§ Work task: Return the data below exactly, stopping after the line with "set \<Rightarrow> 'a set \<Rightarrow> nat".
....
(* Let $F$ be a field of characteristic not $2$, let $a\in F^*$ be a non-square, and let $L=F(\sqrt{a})$. Then $(F^{(4)}\cap L^{(3)})/F$ is a Galois extension.
   Context: All fields are taken inside a fixed quadratic closure $F_q$ of $F$. For a field $K$ of characteristic not $2$, define $K^{(1)}=K$ and, for $n\ge 1$, $K^{(n+1)}$ is the compositum of all quadratic extensions of $K^{(n)}$ which are Galois over $K$. *)

theory Defs
  imports "HOL-Computational_Algebra.Polynomial"
begin

text \<open>All fields are subsets of an ambient field type 'a (the fixed quadratic closure).\<close>

definition qc_subfield :: "'a::field set \<Rightarrow> bool" where
  "qc_subfield K \<longleftrightarrow> 0 \<in> K \<and> 1 \<in> K \<and>
     (\<forall>x\<in>K. \<forall>y\<in>K. x + y \<in> K \<and> x * y \<in> K) \<and>
     (\<forall>x\<in>K. - x \<in> K) \<and> (\<forall>x\<in>K. x \<noteq> 0 \<longrightarrow> inverse x \<in> K)"

definition qc_gen_field :: "'a::field set \<Rightarrow> 'a set" where
  "qc_gen_field S = \<Inter> {T. qc_subfield T \<and> S \<subseteq> T}"

definition qc_quad_closure :: "'a::field set \<Rightarrow> 'a set" where
  "qc_quad_closure F = \<Inter> {T. qc_subfield T \<and> F \<subseteq> T \<and> (\<forall>x\<in>T. \<forall>y. y * y = x \<longrightarrow> y \<in> T)}"

definition qc_ext_dim :: "'a::field set \<Rightarrow> 'a set \<Rightarrow> nat \<Rightarrow> bool" where
  "qc_ext_dim K M n \<longleftrightarrow> (\<exists>xs. length xs = n \<and> set xs \<subseteq> M \<and>
     (\<forall>c. (\<forall>i<n. c i \<in> K) \<and> (\<Sum>i<n. c i * xs ! i) = 0 \<longrightarrow> (\<forall>i<n. c i = 0)) \<and>
     M = {\<Sum>i<n. c i * xs ! i | c. \<forall>i<n. c i \<in> K})"

definition qc_quad_ext :: "'a::field set \<Rightarrow> 'a set \<Rightarrow> bool" where
  "qc_quad_ext K M \<longleftrightarrow> qc_subfield M \<and> K \<subseteq> M \<and> qc_ext_dim K M 2"

definition qc_over :: "'a::field set \<Rightarrow> 'a poly \<Rightarrow> bool" where
  "qc_over K p \<longleftrightarrow> (\<forall>i. coeff p i \<in> K)"

definition qc_irreducible_over :: "'a::field set \<Rightarrow> 'a poly \<Rightarrow> bool" where
  "qc_irreducible_over K p \<longleftrightarrow> qc_over K p \<and> degree p \<ge> 1 \<and>
     (\<forall>q r. qc_over K q \<and> qc_over K r \<and> p = q * r \<longrightarrow> degree q = 0 \<or> degree r = 0)"

text \<open>E/K Galois: algebraic, normal and separable, i.e. every element of E is a root of an
  irreducible polynomial over K which splits into distinct linear factors over E.\<close>
definition qc_galois :: "'a::field set \<Rightarrow> 'a set \<Rightarrow> bool" where
  "qc_galois K E \<longleftrightarrow> qc_subfield K \<and> qc_subfield E \<and> K \<subseteq> E \<and>
     (\<forall>x\<in>E. \<exists>p. qc_irreducible_over K p \<and> poly p x = 0 \<and>
        (\<exists>rs. distinct rs \<and> set rs \<subseteq> E \<and>
              p = smult (lead_coeff p) (\<Prod>r\<leftarrow>rs. [:- r, 1:])))"

definition qc_compositum :: "'a::field set \<Rightarrow> 'a set set \<Rightarrow> 'a set" where
  "qc_compositum K Ms = qc_gen_field (K \<union> \<Union> Ms)"

text \<open>qc_tower K n = K^(n) for n \<ge> 1 (qc_tower K 0 is an unused dummy).\<close>
fun qc_tower :: "'a::field set \<Rightarrow> nat \<Rightarrow> 'a set" where
  "qc_tower K 0 = K"
| "qc_tower K (Suc 0) = K"
| "qc_tower K (Suc (Suc n)) =
     qc_compositum (qc_tower K (Suc n))
       {M. qc_quad_ext (qc_tower K (Suc n)) M \<and> qc_galois K M}"

end

theory Submission
  imports Defs
begin

text \<open>Every automorphism of the quadratic closure fixing \<open>F\<close> permutes, layer by layer, the
  quadratic extensions that are Galois over the base, so it maps each \<open>F^(n)\<close> onto itself; it
  also maps \<open>L\<close> onto itself, sending \<open>\<surd>a\<close> to \<open>\<plusminus>\<surd>a\<close>. Hence \<open>E = F^(4) \<inter> L^(3)\<close> is stable under all
  of them, and every such intermediate field is Galois over \<open>F\<close>: the orbit of \<open>x \<in> E\<close> is finite
  and lies in \<open>E\<close>, the polynomial \<open>\<Prod>(X - r)\<close> over the orbit is irreducible over \<open>F\<close> since a
  factor vanishing at \<open>x\<close> vanishes on the whole orbit, and its coefficients lie in \<open>F\<close> because
  \<open>F\<close> is the fixed field of these automorphisms (homomorphisms extend one square root at a time,
  by Zorn's lemma).\<close>

section \<open>Subfields and homomorphisms defined on them\<close>

lemma subfield_0: "qc_subfield K \<Longrightarrow> 0 \<in> K"
  and subfield_1: "qc_subfield K \<Longrightarrow> 1 \<in> K"
  and subfield_add: "qc_subfield K \<Longrightarrow> x \<in> K \<Longrightarrow> y \<in> K \<Longrightarrow> x + y \<in> K"
  and subfield_mult: "qc_subfield K \<Longrightarrow> x \<in> K \<Longrightarrow> y \<in> K \<Longrightarrow> x * y \<in> K"
  and subfield_uminus: "qc_subfield K \<Longrightarrow> x \<in> K \<Longrightarrow> - x \<in> K"
  by (simp_all add: qc_subfield_def)

lemma subfield_inverse: "qc_subfield K \<Longrightarrow> x \<in> K \<Longrightarrow> inverse x \<in> K"
  by (cases "x = 0") (auto simp add: qc_subfield_def)

lemma subfield_diff: "qc_subfield K \<Longrightarrow> x \<in> K \<Longrightarrow> y \<in> K \<Longrightarrow> x - y \<in> K"
  by (metis diff_conv_add_uminus subfield_add subfield_uminus)

lemma subfield_divide: "qc_subfield K \<Longrightarrow> x \<in> K \<Longrightarrow> y \<in> K \<Longrightarrow> x / y \<in> K"
  by (metis divide_inverse subfield_inverse subfield_mult)

lemma subfield_UNIV: "qc_subfield (UNIV :: 'a::field set)"
  by (simp add: qc_subfield_def)

lemma subfield_Int: "qc_subfield A \<Longrightarrow> qc_subfield B \<Longrightarrow> qc_subfield (A \<inter> B)"
  unfolding qc_subfield_def by auto

lemma subfield_Union_chain:
  assumes "C \<noteq> {}" and chain: "\<And>X Y. X \<in> C \<Longrightarrow> Y \<in> C \<Longrightarrow> X \<subseteq> Y \<or> Y \<subseteq> X"
    and sub: "\<And>X. X \<in> C \<Longrightarrow> qc_subfield X"
  shows "qc_subfield (\<Union>C)"
  unfolding qc_subfield_def
proof (intro conjI ballI impI)
  obtain X where "X \<in> C" using assms(1) by blast
  then show "0 \<in> \<Union>C" "1 \<in> \<Union>C" using sub subfield_0 subfield_1 by blast+
next
  fix x y assume "x \<in> \<Union>C" "y \<in> \<Union>C"
  then obtain Z where "Z \<in> C" "x \<in> Z" "y \<in> Z" using chain by blast
  then show "x + y \<in> \<Union>C" "x * y \<in> \<Union>C" using sub subfield_add subfield_mult by blast+
next
  fix x assume "x \<in> \<Union>C"
  then obtain Z where "Z \<in> C" "x \<in> Z" by blast
  then show "- x \<in> \<Union>C" "inverse x \<in> \<Union>C" using sub subfield_uminus subfield_inverse by blast+
qed

lemma subfield_gen_field: "qc_subfield (qc_gen_field S)"
  unfolding qc_gen_field_def qc_subfield_def by blast

lemma gen_field_superset: "S \<subseteq> qc_gen_field S"
  unfolding qc_gen_field_def by blast

lemma gen_field_least: "qc_subfield T \<Longrightarrow> S \<subseteq> T \<Longrightarrow> qc_gen_field S \<subseteq> T"
  unfolding qc_gen_field_def by blast

lemma gen_field_insert_uminus_subset:
  "qc_gen_field (insert (- r) S) \<subseteq> qc_gen_field (insert r S)"
proof (rule gen_field_least[OF subfield_gen_field])
  have "r \<in> qc_gen_field (insert r S)" "S \<subseteq> qc_gen_field (insert r S)"
    using gen_field_superset by blast+
  then show "insert (- r) S \<subseteq> qc_gen_field (insert r S)"
    using subfield_uminus[OF subfield_gen_field] by blast
qed

definition hom_on :: "'a::field set \<Rightarrow> ('a \<Rightarrow> 'a) \<Rightarrow> bool" where
  "hom_on D f \<longleftrightarrow> f 1 = 1 \<and> (\<forall>x\<in>D. \<forall>y\<in>D. f (x + y) = f x + f y \<and> f (x * y) = f x * f y)"

lemma hom_on_1: "hom_on D f \<Longrightarrow> f 1 = 1"
  and hom_on_add: "hom_on D f \<Longrightarrow> x \<in> D \<Longrightarrow> y \<in> D \<Longrightarrow> f (x + y) = f x + f y"
  and hom_on_mult: "hom_on D f \<Longrightarrow> x \<in> D \<Longrightarrow> y \<in> D \<Longrightarrow> f (x * y) = f x * f y"
  by (simp_all add: hom_on_def)

lemma hom_on_subset: "hom_on D f \<Longrightarrow> K \<subseteq> D \<Longrightarrow> hom_on K f"
  unfolding hom_on_def by blast

lemma hom_on_cong: "qc_subfield D \<Longrightarrow> hom_on D f \<Longrightarrow> (\<And>x. x \<in> D \<Longrightarrow> g x = f x) \<Longrightarrow> hom_on D g"
  unfolding hom_on_def by (simp add: subfield_add subfield_mult subfield_1)

lemma hom_on_Union_chain:
  assumes "\<D> \<noteq> {}" and chain: "\<And>X Y. X \<in> \<D> \<Longrightarrow> Y \<in> \<D> \<Longrightarrow> X \<subseteq> Y \<or> Y \<subseteq> X"
    and hom: "\<And>X. X \<in> \<D> \<Longrightarrow> hom_on X f"
  shows "hom_on (\<Union>\<D>) f"
  unfolding hom_on_def
proof (intro conjI ballI)
  show "f 1 = 1" using assms(1) hom hom_on_1 by blast
  fix x y assume "x \<in> \<Union>\<D>" "y \<in> \<Union>\<D>"
  then obtain Z where "Z \<in> \<D>" "x \<in> Z" "y \<in> Z" using chain by blast
  then show "f (x + y) = f x + f y" "f (x * y) = f x * f y"
    by (simp_all add: hom_on_add[OF hom] hom_on_mult[OF hom])
qed

context
  fixes D :: "'a::field set" and f :: "'a \<Rightarrow> 'a"
  assumes D: "qc_subfield D" and f: "hom_on D f"
begin

lemma hom_on_0: "f 0 = 0"
  using hom_on_add[OF f, of 0 0] subfield_0[OF D] by (metis add.right_neutral add_left_cancel)

lemma hom_on_uminus: "x \<in> D \<Longrightarrow> f (- x) = - f x"
  using hom_on_add[OF f, of x "- x"] subfield_uminus[OF D] hom_on_0
  by (metis neg_eq_iff_add_eq_0 add.right_inverse)

lemma hom_on_diff: "x \<in> D \<Longrightarrow> y \<in> D \<Longrightarrow> f (x - y) = f x - f y"
  using hom_on_add[OF f, of x "- y"] hom_on_uminus[of y] subfield_uminus[OF D] by simp

lemma hom_on_inverse: "x \<in> D \<Longrightarrow> f (inverse x) = inverse (f x)"
proof (cases "x = 0")
  case False
  assume "x \<in> D"
  then have "f x * f (inverse x) = 1"
    using hom_on_mult[OF f, of x "inverse x"] subfield_inverse[OF D] hom_on_1[OF f] False by simp
  then show ?thesis by (metis inverse_unique)
qed (simp add: hom_on_0)

lemma hom_on_inj: "inj_on f D"
proof (rule inj_onI, rule ccontr)
  fix x y assume xy: "x \<in> D" "y \<in> D" "f x = f y" "x \<noteq> y"
  have "f (x - y) * f (inverse (x - y)) = 1"
    using hom_on_mult[OF f, of "x - y" "inverse (x - y)"] hom_on_1[OF f] xy
      subfield_diff[OF D] subfield_inverse[OF D] by simp
  then show False using xy by (simp add: hom_on_diff)
qed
....
§ Response to this exercise:
(* Let $F$ be a field of characteristic not $2$, let $a\in F^*$ be a non-square, and let $L=F(\sqrt{a})$. Then $(F^{(4)}\cap L^{(3)})/F$ is a Galois extension.
   Context: All fields are taken inside a fixed quadratic closure $F_q$ of $F$. For a field $K$ of characteristic not $2$, define $K^{(1)}=K$ and, for $n\ge 1$, $K^{(n+1)}$ is the compositum of all quadratic extensions of $K^{(n)}$ which are Galois over $K$. *)

theory Defs
  imports "HOL-Computational_Algebra.Polynomial"
begin

text \<open>All fields are subsets of an ambient field type 'a (the fixed quadratic closure).\<close>

definition qc_subfield :: "'a::field set \<Rightarrow> bool" where
  "qc_subfield K \<longleftrightarrow> 0 \<in> K \<and> 1 \<in> K \<and>
     (\<forall>x\<in>K. \<forall>y\<in>K. x + y \<in> K \<and> x * y \<in> K) \<and>
     (\<forall>x\<in>K. - x \<in> K) \<and> (\<forall>x\<in>K. x \<noteq> 0 \<longrightarrow> inverse x \<in> K)"

definition qc_gen_field :: "'a::field set \<Rightarrow> 'a set" where
  "qc_gen_field S = \<Inter> {T. qc_subfield T \<and> S \<subseteq> T}"

definition qc_quad_closure :: "'a::field set \<Rightarrow> 'a set" where
  "qc_quad_closure F = \<Inter> {T. qc_subfield T \<and> F \<subseteq> T \<and> (\<forall>x\<in>T. \<forall>y. y * y = x \<longrightarrow> y \<in> T)}"

definition qc_ext_dim :: "'a::field set \<Rightarrow> 'a set \<Rightarrow> nat \<Rightarrow> bool" where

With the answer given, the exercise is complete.